(Dataset entries)
[Start of Attachment]

(* Let $f:\mathbb{R}^n\to\mathbb{R}$ be convex, continuously differentiable and locally strongly convex with locally Lipschitz gradient, with $\mathcal{X}^*:=\arg\min f\neq\emptyset$ and optimal value $f^*$. Generate the AdaSGA sequence $x^{k+1}=x^k-\alpha_k\gamma_k\nabla f(x^k)$ with parameters $x^0$, $\alpha_0>0$, $\theta_0>0$, $\tau>1$, $0<\omega\le\frac1{\sqrt2}$, $\gamma_k\in[\gamma_{\min},\gamma_{\max}]\subset(0,\infty)$, and for $k\ge1$, $L_k:=\frac{\|\nabla f(x^k)-\nabla f(x^{k-1})\|}{\|x^k-x^{k-1}\|}$, $\alpha_k:=\min\{\frac{\alpha_{k-1}\gamma_{k-1}}{\gamma_k}\sqrt{2(1-\omega^2)+\theta_{k-1}/\tau},\frac{\omega}{\gamma_kL_k}\}$, $\theta_k:=\frac{\alpha_k\gamma_k}{\alpha_{k-1}\gamma_{k-1}}$. Define $\eta,R,W,L_W,\mu_W,\hat q$ and $\tilde c_1,\tilde c_2,\tilde c_3$ by: $\eta:=\mathrm{dist}^2(x^0;\mathcal{X}^* )+2\alpha_0^2\gamma_0^2\|\nabla f(x^0)\|^2+2\alpha_0\gamma_0\theta_0(f(x^0)-f^* )$; $W:=\overline B(0;R)$ with $R>3\sqrt\eta+\mathrm{dist}(x^0;\mathcal{X}^* )+\|x^0\|$; $L_W>0$ a Lipschitz constant of $\nabla f$ on $W$; $\mu_W:=\inf_{x,y\in W,x\ne y}\frac{\langle\nabla f(y)-\nabla f(x),y-x\rangle}{\|y-x\|^2}$; $m:=\min\{\frac{\alpha_0\gamma_0\mu_W}{\omega},\frac{\mu_W}{L_W}\}$; $\hat q:=\min\{\frac{\mu_W}{2}\min\{\alpha_0\gamma_0,\frac{\omega}{L_W}\},\frac{\mu_W(1-\omega^2)}{2\omega^3L_W+\mu_W(1-\omega^2)},\frac{(\tau-1)m}{\tau(2(1-\omega^2)+m)}\}$; $\tilde c_1:=\sqrt{(R+\|x^0\|)^2+\eta}$, $\tilde c_2:=\frac{\omega L_W^2\tilde c_1^2}{\mu_W\min\{\alpha_0^2\gamma_0^2L_W^2,\omega^2\}}$, $\tilde c_3:=\frac{\sqrt{2\tilde c_1^2(1-\omega^2)\omega L_W^3}}{\sqrt{2\omega^2L_W+(1-\omega^2)\mu_W}\min\{\alpha_0\gamma_0L_W,\omega\}}$. Let $\varepsilon>0$ and for $a,b>0$ let $M(a,b):=\Big\lceil\frac{\log(\varepsilon^{-1})+\log a}{\log(b^{-1})}+1\Big\rceil$. Then there exists $x^*\in\mathcal{X}^*$ such that: (a) the first index $N_x(\varepsilon)$ with $\|x^k-x^*\|\le\varepsilon$ satisfies $N_x(\varepsilon)\le M(\tilde c_1,\sqrt{1-\hat q})$; (b) the first index $N_f(\varepsilon)$ with $f(x^k)-f^*\le\varepsilon$ satisfies $N_f(\varepsilon)\le M(\tilde c_2,1-\hat q)$; (c) the first index $N_{\nabla f}(\varepsilon)$ with $\|\nabla f(x^k)\|\le\varepsilon$ satisfies $N_{\nabla f}(\varepsilon)\le M(\tilde c_3,\sqrt{1-\hat q})$.
   Context: $f$ is locally strongly convex if every $x$ has $\delta_x>0$, $\mu_x>0$ with $f(y)\ge f(z)+\langle\nabla f(z),y-z\rangle+\frac{\mu_x}{2}\|y-z\|^2$ for all $y,z\in B(x;\delta_x)$. *)

theory Defs
  imports "HOL-Analysis.Analysis"
begin

definition loc_strongly_convex :: "('a::real_inner \<Rightarrow> real) \<Rightarrow> ('a \<Rightarrow> 'a) \<Rightarrow> bool" where
  "loc_strongly_convex f g \<longleftrightarrow>
     (\<forall>x. \<exists>\<delta>>0. \<exists>\<mu>>0. \<forall>y\<in>ball x \<delta>. \<forall>z\<in>ball x \<delta>.
        f y \<ge> f z + g z \<bullet> (y - z) + \<mu> / 2 * (norm (y - z))\<^sup>2)"

definition loc_lipschitz :: "('a::metric_space \<Rightarrow> 'b::metric_space) \<Rightarrow> bool" where
  "loc_lipschitz g \<longleftrightarrow> (\<forall>x. \<exists>\<delta>>0. \<exists>L. L-lipschitz_on (ball x \<delta>) g)"

definition argmin_set :: "('a \<Rightarrow> real) \<Rightarrow> 'a set" where
  "argmin_set f = {x. \<forall>y. f x \<le> f y}"

definition opt_val :: "('a \<Rightarrow> real) \<Rightarrow> real" where
  "opt_val f = Inf (range f)"

definition adasga_L :: "('a::real_normed_vector \<Rightarrow> 'a) \<Rightarrow> (nat \<Rightarrow> 'a) \<Rightarrow> nat \<Rightarrow> real" where
  "adasga_L g x k = norm (g (x k) - g (x (k - 1))) / norm (x k - x (k - 1))"

text \<open>AdaSGA step-size update; omega/(gamma_k L_k) is read as +infinity when L_k = 0.\<close>
definition adasga_alpha_next ::
  "real \<Rightarrow> real \<Rightarrow> real \<Rightarrow> real \<Rightarrow> real \<Rightarrow> real \<Rightarrow> real \<Rightarrow> real" where
  "adasga_alpha_next \<omega> \<tau> a_prev g_prev th_prev g_cur L =
     (let a = a_prev * g_prev / g_cur * sqrt (2 * (1 - \<omega>\<^sup>2) + th_prev / \<tau>)
      in if L = 0 then a else min a (\<omega> / (g_cur * L)))"

definition Mbound :: "real \<Rightarrow> real \<Rightarrow> real \<Rightarrow> int" where
  "Mbound \<epsilon> a b = \<lceil>(ln (inverse \<epsilon>) + ln a) / ln (inverse b) + 1\<rceil>"

end

theory Submission
  imports Defs
begin

(*
  Progress is measured by the Lyapunov function

    E k = |x k - xs|^2 + ((t k * |grad f (x k)|)^2 + t k * theta k * (f (x k) - fstar)) / (1 - omega^2),

  where t k = alpha k * gamma k is the effective step and xs is the minimiser nearest to x 0.
  The two halves of the step-size rule, t (k+1) <= t k * sqrt (2 (1 - omega^2) + theta k / tau)
  and t (k+1) * |grad f (x (k+1)) - grad f (x k)| <= omega * |x (k+1) - x k|, together with
  convexity make E nonincreasing, so every iterate stays within sqrt eta of xs and hence in W.
  On the compact convex set W local strong convexity becomes uniform: the gradient is
  mu_W-strongly monotone there, as well as L_W-Lipschitz.  Consequently the steps are bounded below
  by min (alpha 0 * gamma 0) (omega / L_W) and, from k = 1 on, above by omega / mu_W; combining
  strong convexity with cocoercivity at xs then gives E (k+1) <= (1 - q) * E k for k >= 1.
  The three complexity bounds follow from the resulting geometric decay of |x k - xs|, of
  f (x k) - fstar <= L_W / 2 * |x k - xs|^2 and of |grad f (x k)| <= L_W * |x k - xs|.
*)

section \<open>Gradient inequalities for differentiable convex functions\<close>

lemma has_real_derivative_along_line:
  fixes f :: "'a::real_inner \<Rightarrow> real"
  assumes grad: "\<And>z. (f has_derivative (\<lambda>h. g z \<bullet> h)) (at z)"
  shows "((\<lambda>s. f (x + s *\<^sub>R v)) has_real_derivative (g (x + s *\<^sub>R v) \<bullet> v)) (at s)"
proof -
  have "((\<lambda>s. x + s *\<^sub>R v) has_derivative (\<lambda>h. h *\<^sub>R v)) (at s)"
    by (auto intro!: derivative_eq_intros)
  from has_derivative_compose[OF this grad]
  have "((\<lambda>s. f (x + s *\<^sub>R v)) has_derivative (\<lambda>h. h * (g (x + s *\<^sub>R v) \<bullet> v))) (at s)"
    by simp
  then show ?thesis
    by (rule has_derivative_imp_has_field_derivative) simp
qed

lemma convex_gradient_inequality:
  fixes f :: "'a::real_inner \<Rightarrow> real"
  assumes conv: "convex_on UNIV f"
    and grad: "\<And>z. (f has_derivative (\<lambda>h. g z \<bullet> h)) (at z)"
  shows "f x + g x \<bullet> (y - x) \<le> f y"
proof -
  let ?p = "\<lambda>s. f (x + s *\<^sub>R (y - x))"
  have "convex_on UNIV ?p"
  proof (rule convex_onI)
    fix t a b :: real assume t: "0 < t" "t < 1"
    have "x + ((1 - t) *\<^sub>R a + t *\<^sub>R b) *\<^sub>R (y - x)
        = (1 - t) *\<^sub>R (x + a *\<^sub>R (y - x)) + t *\<^sub>R (x + b *\<^sub>R (y - x))"
      by (simp add: algebra_simps)
    then show "?p ((1 - t) *\<^sub>R a + t *\<^sub>R b) \<le> (1 - t) * ?p a + t * ?p b"
      using convex_onD[OF conv, of t "x + a *\<^sub>R (y - x)" "x + b *\<^sub>R (y - x)"] t by simp
  qed simp
  moreover have "(?p has_real_derivative (g x \<bullet> (y - x))) (at 0 within UNIV)"
    using has_real_derivative_along_line[OF grad, of x "y - x" 0] by simp
  ultimately have "g x \<bullet> (y - x) * (1 - 0) \<le> ?p 1 - ?p 0"
    by (intro convex_on_imp_above_tangent) auto
  then show ?thesis by simp
qed

lemma convex_gradient_monotone:
  fixes f :: "'a::real_inner \<Rightarrow> real"
  assumes conv: "convex_on UNIV f"
    and grad: "\<And>z. (f has_derivative (\<lambda>h. g z \<bullet> h)) (at z)"
  shows "0 \<le> (g y - g x) \<bullet> (y - x)"
  using convex_gradient_inequality[OF conv grad, of x y] convex_gradient_inequality[OF conv grad, of y x]
  by (simp add: inner_diff_left inner_diff_right)

lemma quadratic_lower_bound_of_gradient_growth:
  fixes f :: "'a::real_inner \<Rightarrow> real"
  assumes grad: "\<And>z. (f has_derivative (\<lambda>h. g z \<bullet> h)) (at z)"
    and growth: "\<And>s. 0 \<le> s \<Longrightarrow> s \<le> 1 \<Longrightarrow>
      c * s * (norm (y - x))\<^sup>2 \<le> (g (x + s *\<^sub>R (y - x)) - g x) \<bullet> (y - x)"
  shows "f x + g x \<bullet> (y - x) + c / 2 * (norm (y - x))\<^sup>2 \<le> f y"
proof -
  let ?p = "\<lambda>s. f (x + s *\<^sub>R (y - x)) - s * (g x \<bullet> (y - x)) - c / 2 * s\<^sup>2 * (norm (y - x))\<^sup>2"
  have "?p 0 \<le> ?p 1"
  proof (rule DERIV_nonneg_imp_nondecreasing[of 0 1])
    fix s :: real assume s: "0 \<le> s" "s \<le> 1"
    have "(?p has_real_derivative (g (x + s *\<^sub>R (y - x)) \<bullet> (y - x) - 1 * (g x \<bullet> (y - x))
          - c / 2 * (2 * s) * (norm (y - x))\<^sup>2)) (at s)"
      by (rule derivative_eq_intros has_real_derivative_along_line[OF grad] | simp)+
    moreover have "0 \<le> g (x + s *\<^sub>R (y - x)) \<bullet> (y - x) - 1 * (g x \<bullet> (y - x))
          - c / 2 * (2 * s) * (norm (y - x))\<^sup>2"
      using growth[OF s] by (simp add: inner_diff_left)
    ultimately show "\<exists>d. (?p has_real_derivative d) (at s) \<and> 0 \<le> d" by blast
  qed simp
  then show ?thesis by simp
qed
lemma expand_snoc_HCat:
  assumes "i < length rs" "expand rs i = Some A" "j < length rs" "expand rs j = Some B"
    and "length A = length B"
  shows "expand (rs @ [HCat i j]) (length rs) = Some (map2 (@) A B)"
  using assms by (subst expand.simps) (simp add: expand_append)

lemma expand_snoc_VCat:
  assumes "i < length rs" "expand rs i = Some A" "j < length rs" "expand rs j = Some B"
    and "length (hd A) = length (hd B)"
  shows "expand (rs @ [VCat i j]) (length rs) = Some (A @ B)"
  using assms by (subst expand.simps) (simp add: expand_append)

(* Constructions are composed through this relation, so that nonterminal
   indices never have to be tracked explicitly. *)
definition builds :: "str2d set \<Rightarrow> nat \<Rightarrow> str2d set \<Rightarrow> bool" where
  "builds S k T \<longleftrightarrow>
     (\<forall>rs. (\<forall>A \<in> S. derives rs A) \<longrightarrow>
        (\<exists>ts. length ts \<le> k \<and> (\<forall>B \<in> T. derives (rs @ ts) B)))"

lemma builds_trans [trans]:
  assumes "builds S k T" and "builds T l U"
  shows "builds S (k + l) U"
  unfolding builds_def
proof (intro allI impI)
  fix rs assume "\<forall>A \<in> S. derives rs A"
  with assms(1) obtain ts where "length ts \<le> k" "\<forall>B \<in> T. derives (rs @ ts) B"
    unfolding builds_def by blast
  moreover from this(2) assms(2) obtain us where "length us \<le> l" "\<forall>C \<in> U. derives (rs @ ts @ us) C"
    unfolding builds_def by (metis append.assoc)
  ultimately show "\<exists>vs. length vs \<le> k + l \<and> (\<forall>C \<in> U. derives (rs @ vs) C)"
    by (intro exI[of _ "ts @ us"]) simp
qed

lemma builds_mono:
  assumes "builds S k T" "S \<subseteq> S'" "T' \<subseteq> T" "k \<le> k'"
  shows "builds S' k' T'"
  using assms unfolding builds_def by (meson order_trans subsetD)

lemma builds_par:
  assumes "builds S k T" and "builds S' k' T'"
  shows "builds (S \<union> S') (k + k') (T \<union> T')"
  unfolding builds_def
proof (intro allI impI)
  fix rs assume derived: "\<forall>A \<in> S \<union> S'. derives rs A"
  with assms(1) obtain ts where "length ts \<le> k" "\<forall>B \<in> T. derives (rs @ ts) B"
    unfolding builds_def by auto
  moreover from derived have "\<forall>A \<in> S'. derives (rs @ ts) A"
    by (simp add: derives_append)
  with assms(2) obtain us where "length us \<le> k'" "\<forall>B \<in> T'. derives (rs @ ts @ us) B"
    unfolding builds_def by (metis append.assoc)
  ultimately show "\<exists>vs. length vs \<le> k + k' \<and> (\<forall>B \<in> T \<union> T'. derives (rs @ vs) B)"
    by (intro exI[of _ "ts @ us"]) (auto simp: derives_append[of "rs @ ts", simplified])
qed

lemma builds_iterate:
  assumes "\<And>k. builds (P k) c (P (Suc k))"
  shows "builds (P 0) (c * m) (P m)"
proof (induction m)
  case 0
  show ?case unfolding builds_def by (auto intro: exI[of _ "[]"])
next
  case (Suc m)
  from builds_trans[OF this assms] show ?case by (simp add: add.commute)
qed

lemma builds_snoc:
  assumes "\<And>rs. \<forall>A \<in> S. derives rs A \<Longrightarrow> \<exists>x. derives (rs @ [x]) B"
  shows "builds S 1 (insert B S)"
  unfolding builds_def
proof (intro allI impI)
  fix rs assume "\<forall>A \<in> S. derives rs A"
  with assms obtain x where "derives (rs @ [x]) B" by blast
  with \<open>\<forall>A \<in> S. derives rs A\<close>
  show "\<exists>ts. length ts \<le> 1 \<and> (\<forall>C \<in> insert B S. derives (rs @ ts) C)"
    by (intro exI[of _ "[x]"]) (simp add: derives_append)
qed

lemma builds_leaf: "builds S 1 (insert [[c]] S)"
proof (rule builds_snoc)
  fix rs :: "rule list"
  have "derives (rs @ [Leaf c]) [[c]]"
    unfolding derives_def using expand_snoc_Leaf[of rs c] by (intro exI[of _ "length rs"]) simp
  then show "\<exists>x. derives (rs @ [x]) [[c]]" ..
qed

lemma builds_hcat:
  assumes "A \<in> S" "B \<in> S" "length A = length B"
  shows "builds S 1 (insert (map2 (@) A B) S)"
proof (rule builds_snoc)
  fix rs assume "\<forall>A \<in> S. derives rs A"
  with assms obtain i j
    where "i < length rs" "expand rs i = Some A" "j < length rs" "expand rs j = Some B"
    unfolding derives_def by blast
  with assms(3) have "derives (rs @ [HCat i j]) (map2 (@) A B)"
    unfolding derives_def by (auto intro!: exI[of _ "length rs"] expand_snoc_HCat)
  then show "\<exists>x. derives (rs @ [x]) (map2 (@) A B)" ..
qed

lemma builds_vcat:
  assumes "A \<in> S" "B \<in> S" "length (hd A) = length (hd B)"
  shows "builds S 1 (insert (A @ B) S)"
proof (rule builds_snoc)
  fix rs assume "\<forall>A \<in> S. derives rs A"
  with assms obtain i j
    where "i < length rs" "expand rs i = Some A" "j < length rs" "expand rs j = Some B"
    unfolding derives_def by blast
  with assms(3) have "derives (rs @ [VCat i j]) (A @ B)"
    unfolding derives_def by (auto intro!: exI[of _ "length rs"] expand_snoc_VCat)
  then show "\<exists>x. derives (rs @ [x]) (A @ B)" ..
qed
lemma M_matrix_coeff: "\<exists>\<nu>. \<nu> \<noteq> 0 \<and> (\<forall>w\<in>carrier_vec d. M (matrix_coeff v1 w) = (\<lambda>s. \<nu> * matrix_coeff v2 w s))"
proof -
  obtain w0 where w0: "w0 \<in> carrier_vec d" "M (matrix_coeff v1 v1) = matrix_coeff v2 w0"
    using M_onto v1 by (auto simp: gram_colspace_eq[OF v1] gram_colspace_eq[OF v2])
  define \<nu> where "\<nu> = (w0 \<bullet>c v1) / (v1 \<bullet>c v1)"
  have M_eq: "M (matrix_coeff v1 w) = (\<lambda>s. \<nu> * matrix_coeff v2 w s)" if w: "w \<in> carrier_vec d" for w
  proof -
    define c where "c x = 1 / (orth_const * (v1 \<bullet>c v1)) * matrix_coeff v1 w x" for x
    have c: "orbit_sum v c = (1 / (orth_const * (v1 \<bullet>c v1))) \<cdot>\<^sub>v orbit_sum v (matrix_coeff v1 w)" for v
      unfolding c_def by (rule orbit_sum_scale)
    have "M (matrix_coeff v1 w) = M (\<lambda>s. \<Sum>x\<in>carrier G. c x * left_reg G x (matrix_coeff v1 v1) s)"
      using matrix_coeff_orbit_sum[OF v1(1) v1(1), of c] v1 w
      by (simp add: c proj_vec_matrix_coeff[unfolded proj_vec_def] left_reg_matrix_coeff)
    also have "\<dots> = (\<lambda>s. \<Sum>x\<in>carrier G. c x * matrix_coeff v2 (\<rho> x *\<^sub>v w0) s)"
      using finite_carrier v2 w0 by (simp add: M_lincomb left_reg_L2 M_Glin matrix_coeff_L2 left_reg_matrix_coeff)
    also have "\<dots> = matrix_coeff v2 (orbit_sum w0 c)"
      using matrix_coeff_orbit_sum[OF v2(1) w0(1)] by simp
    also have "orbit_sum w0 c = \<nu> \<cdot>\<^sub>v w"
      using v1 w0 w orth_const_nonzero by (simp add: c orbit_sum_matrix_coeff smult_smult_assoc \<nu>_def)
    finally show ?thesis using v2 w by (simp add: matrix_coeff_smult)
  qed
  moreover have "\<nu> \<noteq> 0"
  proof
    assume "\<nu> = 0"
    obtain w where "w \<in> carrier_vec d" "matrix_coeff v2 v2 = M (matrix_coeff v1 w)"
      using M_onto v2 by (force simp: gram_colspace_eq[OF v1] gram_colspace_eq[OF v2])
    then have "matrix_coeff v2 v2 \<one> = 0" using M_eq \<open>\<nu> = 0\<close> by simp
    then show False using v2 by (simp add: matrix_coeff_def rep_one)
  qed
  ultimately show ?thesis by blast
qed

lemma M_orth_proj: "f \<in> L2 G \<Longrightarrow> M f = M (orth_proj G (gram_colspace G \<rho> v1) f)"
proof -
  assume f: "f \<in> L2 G"
  define p where "p = orth_proj G (gram_colspace G \<rho> v1) f"
  have p: "p = matrix_coeff v1 (proj_vec v1 f)" unfolding p_def by (rule orth_proj_gram_colspace[OF v1])
  have L2: "p \<in> L2 G" "(\<lambda>x. f x - p x) \<in> L2 G" using f matrix_coeff_L2 unfolding p L2_def by auto
  have "M f = M (\<lambda>x. p x + (f x - p x))" by simp
  also have "\<dots> = (\<lambda>x. M p x + M (\<lambda>x. f x - p x) x)" using L2 by (rule M_add)
  also have "M (\<lambda>x. f x - p x) = (\<lambda>x. 0)"
    using proj_vec_orthogonal[OF v1] L2(2) unfolding p by (simp add: M_perp)
  finally show ?thesis unfolding p_def by simp
qed

end

theorem mainTheorem4:
  fixes G :: "('a, 'b) monoid_scheme" and d :: nat and \<rho>' :: "'a \<Rightarrow> complex mat"
    and v1 v2 :: "complex vec" and M :: "('a \<Rightarrow> complex) \<Rightarrow> 'a \<Rightarrow> complex"
  defines "\<chi> \<equiv> character d \<rho>'"
    and "V1 \<equiv> gram_colspace G \<rho>' v1"
    and "V2 \<equiv> gram_colspace G \<rho>' v2"
  assumes grp: "group G" and fin: "finite (carrier G)"
    and rep: "unitary_rep G d \<rho>'" and irr: "irreducible_rep G d \<rho>'"
    and v1: "v1 \<in> carrier_vec d" "v1 \<noteq> 0\<^sub>v d"
    and v2: "v2 \<in> carrier_vec d" "v2 \<noteq> 0\<^sub>v d"
    and M_L2: "\<And>f. f \<in> L2 G \<Longrightarrow> M f \<in> L2 G"
    and M_add: "\<And>f h. f \<in> L2 G \<Longrightarrow> h \<in> L2 G \<Longrightarrow> M (\<lambda>x. f x + h x) = (\<lambda>x. M f x + M h x)"
    and M_scale: "\<And>c f. f \<in> L2 G \<Longrightarrow> M (\<lambda>x. c * f x) = (\<lambda>x. c * M f x)"
    and M_onto: "M ` V1 = V2"
    and M_isom: "\<And>f h. f \<in> V1 \<Longrightarrow> h \<in> V1 \<Longrightarrow> l2_inner G (M f) (M h) = l2_inner G f h"
    and M_perp: "\<And>f. f \<in> L2 G \<Longrightarrow> (\<forall>w\<in>V1. l2_inner G f w = 0) \<Longrightarrow> M f = (\<lambda>x. 0)"
    and M_Glin: "\<And>g f. g \<in> carrier G \<Longrightarrow> f \<in> L2 G \<Longrightarrow> M (left_reg G g f) = left_reg G g (M f)"
  shows "\<exists>lam :: 'a \<Rightarrow> complex.
           (\<forall>a\<in>carrier G. \<forall>f\<in>L2 G.
              (\<lambda>x. lam a * M f x) = orth_proj G V2 (A_op G \<chi> a (orth_proj G V1 f)))
         \<and> (\<exists>a\<in>carrier G. lam a \<noteq> 0)"
proof -
  have "unitary_irrep G d \<rho>'"
    by (rule unitary_irrep.intro[OF grp unitary_irrep_axioms.intro[OF fin rep irr]])
  then interpret gram_intertwiner G d \<rho>' v1 v2 M
    by (rule gram_intertwiner.intro, intro gram_intertwiner_axioms.intro)
      (use v1 v2 M_add M_scale M_onto M_perp M_Glin in \<open>auto simp: V1_def V2_def\<close>)
  obtain \<nu> where \<nu>: "\<nu> \<noteq> 0" "\<And>w. w \<in> carrier_vec d \<Longrightarrow> M (matrix_coeff v1 w) = (\<lambda>s. \<nu> * matrix_coeff v2 w s)"
    using M_matrix_coeff by blast
  define lam where "lam a = orth_const * (v2 \<bullet>c (\<rho>' a *\<^sub>v v1)) / ((v2 \<bullet>c v2) * \<nu>)" for a
  have "(\<lambda>x. lam a * M f x) = orth_proj G V2 (A_op G \<chi> a (orth_proj G V1 f))"
    if a: "a \<in> carrier G" and f: "f \<in> L2 G" for a f
  proof -
    let ?w = "proj_vec v1 f"
    have "orth_proj G V2 (A_op G \<chi> a (orth_proj G V1 f)) = orth_proj G V2 (\<lambda>s. orth_const * matrix_coeff (\<rho>' a *\<^sub>v v1) ?w s)"
      unfolding V1_def \<chi>_def using a v1 by (simp add: orth_proj_gram_colspace A_op_matrix_coeff)
    also have "\<dots> = (\<lambda>s. (orth_const * (v2 \<bullet>c (\<rho>' a *\<^sub>v v1)) / (v2 \<bullet>c v2)) * matrix_coeff v2 ?w s)"
      unfolding V2_def using a v1 v2 by (simp add: orth_proj_matrix_coeff)
    also have "\<dots> = (\<lambda>x. lam a * M f x)"
      using f \<nu> v1 by (simp add: M_orth_proj orth_proj_gram_colspace lam_def mult.assoc)
    finally show ?thesis ..
  qed
  moreover obtain a where "a \<in> carrier G" "v2 \<bullet>c (\<rho>' a *\<^sub>v v1) \<noteq> 0"
    using exists_cscalar_prod_rep_nonzero[OF v1 v2] by blast
  then have "lam a \<noteq> 0" using v2 \<nu> orth_const_nonzero by (simp add: lam_def)
  ultimately show ?thesis using \<open>a \<in> carrier G\<close> by blast
qed

end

[End of Attachment]

## Action item
Scan the data for the string "Mbound" and copy each line in which it occurs.

## Expected answer
definition Mbound :: "real \<Rightarrow> real \<Rightarrow> real \<Rightarrow> int" where
  "Mbound \<epsilon> a b = \<lceil>(ln (inverse \<epsilon>) + ln a) / ln (inverse b) + 1\<rceil>"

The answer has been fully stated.